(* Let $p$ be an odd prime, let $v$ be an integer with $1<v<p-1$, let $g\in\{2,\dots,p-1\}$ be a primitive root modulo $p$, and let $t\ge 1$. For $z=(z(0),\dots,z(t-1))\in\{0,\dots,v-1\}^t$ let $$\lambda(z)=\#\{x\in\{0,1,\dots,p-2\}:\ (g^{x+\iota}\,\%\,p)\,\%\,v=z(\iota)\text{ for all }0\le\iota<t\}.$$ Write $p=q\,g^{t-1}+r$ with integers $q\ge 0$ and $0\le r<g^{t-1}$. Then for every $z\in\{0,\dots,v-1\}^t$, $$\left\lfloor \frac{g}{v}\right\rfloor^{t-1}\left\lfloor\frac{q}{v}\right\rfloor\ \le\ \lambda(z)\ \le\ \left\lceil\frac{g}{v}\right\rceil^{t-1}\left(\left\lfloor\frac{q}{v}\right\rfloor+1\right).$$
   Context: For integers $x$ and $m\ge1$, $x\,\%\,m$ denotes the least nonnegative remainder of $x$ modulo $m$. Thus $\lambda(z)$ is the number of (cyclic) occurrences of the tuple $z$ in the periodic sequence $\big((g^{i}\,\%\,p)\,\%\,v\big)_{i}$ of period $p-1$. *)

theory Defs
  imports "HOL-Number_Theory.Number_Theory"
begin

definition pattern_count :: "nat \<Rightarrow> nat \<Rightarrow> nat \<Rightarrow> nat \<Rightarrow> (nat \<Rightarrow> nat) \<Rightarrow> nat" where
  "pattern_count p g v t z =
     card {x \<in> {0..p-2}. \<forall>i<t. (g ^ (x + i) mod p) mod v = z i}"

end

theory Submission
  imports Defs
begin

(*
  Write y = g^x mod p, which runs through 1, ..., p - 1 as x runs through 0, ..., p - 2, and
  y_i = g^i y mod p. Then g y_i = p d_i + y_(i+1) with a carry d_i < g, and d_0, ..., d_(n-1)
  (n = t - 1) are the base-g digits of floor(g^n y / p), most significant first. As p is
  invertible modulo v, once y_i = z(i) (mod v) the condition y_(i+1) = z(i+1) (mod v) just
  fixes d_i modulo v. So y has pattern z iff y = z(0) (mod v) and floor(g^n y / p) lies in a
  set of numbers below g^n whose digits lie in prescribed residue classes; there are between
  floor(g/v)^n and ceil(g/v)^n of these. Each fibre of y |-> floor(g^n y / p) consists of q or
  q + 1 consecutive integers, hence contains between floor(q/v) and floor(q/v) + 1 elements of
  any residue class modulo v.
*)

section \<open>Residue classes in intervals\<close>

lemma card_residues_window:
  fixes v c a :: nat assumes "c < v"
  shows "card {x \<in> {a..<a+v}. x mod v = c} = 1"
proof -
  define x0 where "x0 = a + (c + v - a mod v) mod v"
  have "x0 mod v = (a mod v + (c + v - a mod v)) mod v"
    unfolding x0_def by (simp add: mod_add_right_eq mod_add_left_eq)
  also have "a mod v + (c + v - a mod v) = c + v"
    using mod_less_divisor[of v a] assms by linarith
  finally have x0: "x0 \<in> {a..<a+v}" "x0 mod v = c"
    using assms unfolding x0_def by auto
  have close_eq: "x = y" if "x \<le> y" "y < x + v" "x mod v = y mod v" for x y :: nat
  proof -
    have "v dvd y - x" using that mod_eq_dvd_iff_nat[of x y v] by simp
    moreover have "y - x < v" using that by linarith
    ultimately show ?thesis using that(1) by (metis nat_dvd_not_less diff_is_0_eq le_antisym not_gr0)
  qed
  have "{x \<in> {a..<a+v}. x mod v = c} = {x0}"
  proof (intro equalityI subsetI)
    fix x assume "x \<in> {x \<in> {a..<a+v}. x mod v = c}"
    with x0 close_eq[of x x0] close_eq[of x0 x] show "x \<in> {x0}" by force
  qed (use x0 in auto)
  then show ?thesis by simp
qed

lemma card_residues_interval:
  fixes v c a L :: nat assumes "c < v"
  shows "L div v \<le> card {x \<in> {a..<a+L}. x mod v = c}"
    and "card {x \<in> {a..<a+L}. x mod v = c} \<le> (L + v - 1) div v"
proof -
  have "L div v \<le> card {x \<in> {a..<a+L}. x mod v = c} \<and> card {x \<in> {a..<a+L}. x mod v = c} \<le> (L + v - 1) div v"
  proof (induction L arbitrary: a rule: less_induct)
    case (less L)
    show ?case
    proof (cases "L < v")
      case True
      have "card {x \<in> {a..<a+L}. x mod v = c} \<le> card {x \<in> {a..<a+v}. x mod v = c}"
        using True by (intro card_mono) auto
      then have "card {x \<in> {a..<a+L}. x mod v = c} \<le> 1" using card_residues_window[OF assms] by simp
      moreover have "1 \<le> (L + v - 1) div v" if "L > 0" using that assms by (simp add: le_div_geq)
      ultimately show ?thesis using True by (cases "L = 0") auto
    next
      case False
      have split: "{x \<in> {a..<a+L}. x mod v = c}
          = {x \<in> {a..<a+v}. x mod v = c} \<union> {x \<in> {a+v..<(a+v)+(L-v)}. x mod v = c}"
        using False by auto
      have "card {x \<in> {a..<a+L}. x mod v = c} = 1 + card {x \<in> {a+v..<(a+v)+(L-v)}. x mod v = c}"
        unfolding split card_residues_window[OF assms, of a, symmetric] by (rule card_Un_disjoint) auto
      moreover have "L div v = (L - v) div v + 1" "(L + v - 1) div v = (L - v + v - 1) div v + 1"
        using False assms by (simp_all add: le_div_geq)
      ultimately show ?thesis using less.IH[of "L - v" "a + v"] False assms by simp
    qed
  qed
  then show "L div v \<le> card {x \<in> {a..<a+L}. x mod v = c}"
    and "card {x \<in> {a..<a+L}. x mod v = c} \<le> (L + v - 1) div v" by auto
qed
━━━━
▶ [TASK DETAILS]
Your reply is to repeat, unchanged, the lines above running from the one with "q + 1 consecutive" up to and including the one with "y v] by simp".

▶ [SOLUTION BELOW]
  q + 1 consecutive integers, hence contains between floor(q/v) and floor(q/v) + 1 elements of
  any residue class modulo v.
*)

section \<open>Residue classes in intervals\<close>

lemma card_residues_window:
  fixes v c a :: nat assumes "c < v"
  shows "card {x \<in> {a..<a+v}. x mod v = c} = 1"
proof -
  define x0 where "x0 = a + (c + v - a mod v) mod v"
  have "x0 mod v = (a mod v + (c + v - a mod v)) mod v"
    unfolding x0_def by (simp add: mod_add_right_eq mod_add_left_eq)
  also have "a mod v + (c + v - a mod v) = c + v"
    using mod_less_divisor[of v a] assms by linarith
  finally have x0: "x0 \<in> {a..<a+v}" "x0 mod v = c"
    using assms unfolding x0_def by auto
  have close_eq: "x = y" if "x \<le> y" "y < x + v" "x mod v = y mod v" for x y :: nat
  proof -
    have "v dvd y - x" using that mod_eq_dvd_iff_nat[of x y v] by simp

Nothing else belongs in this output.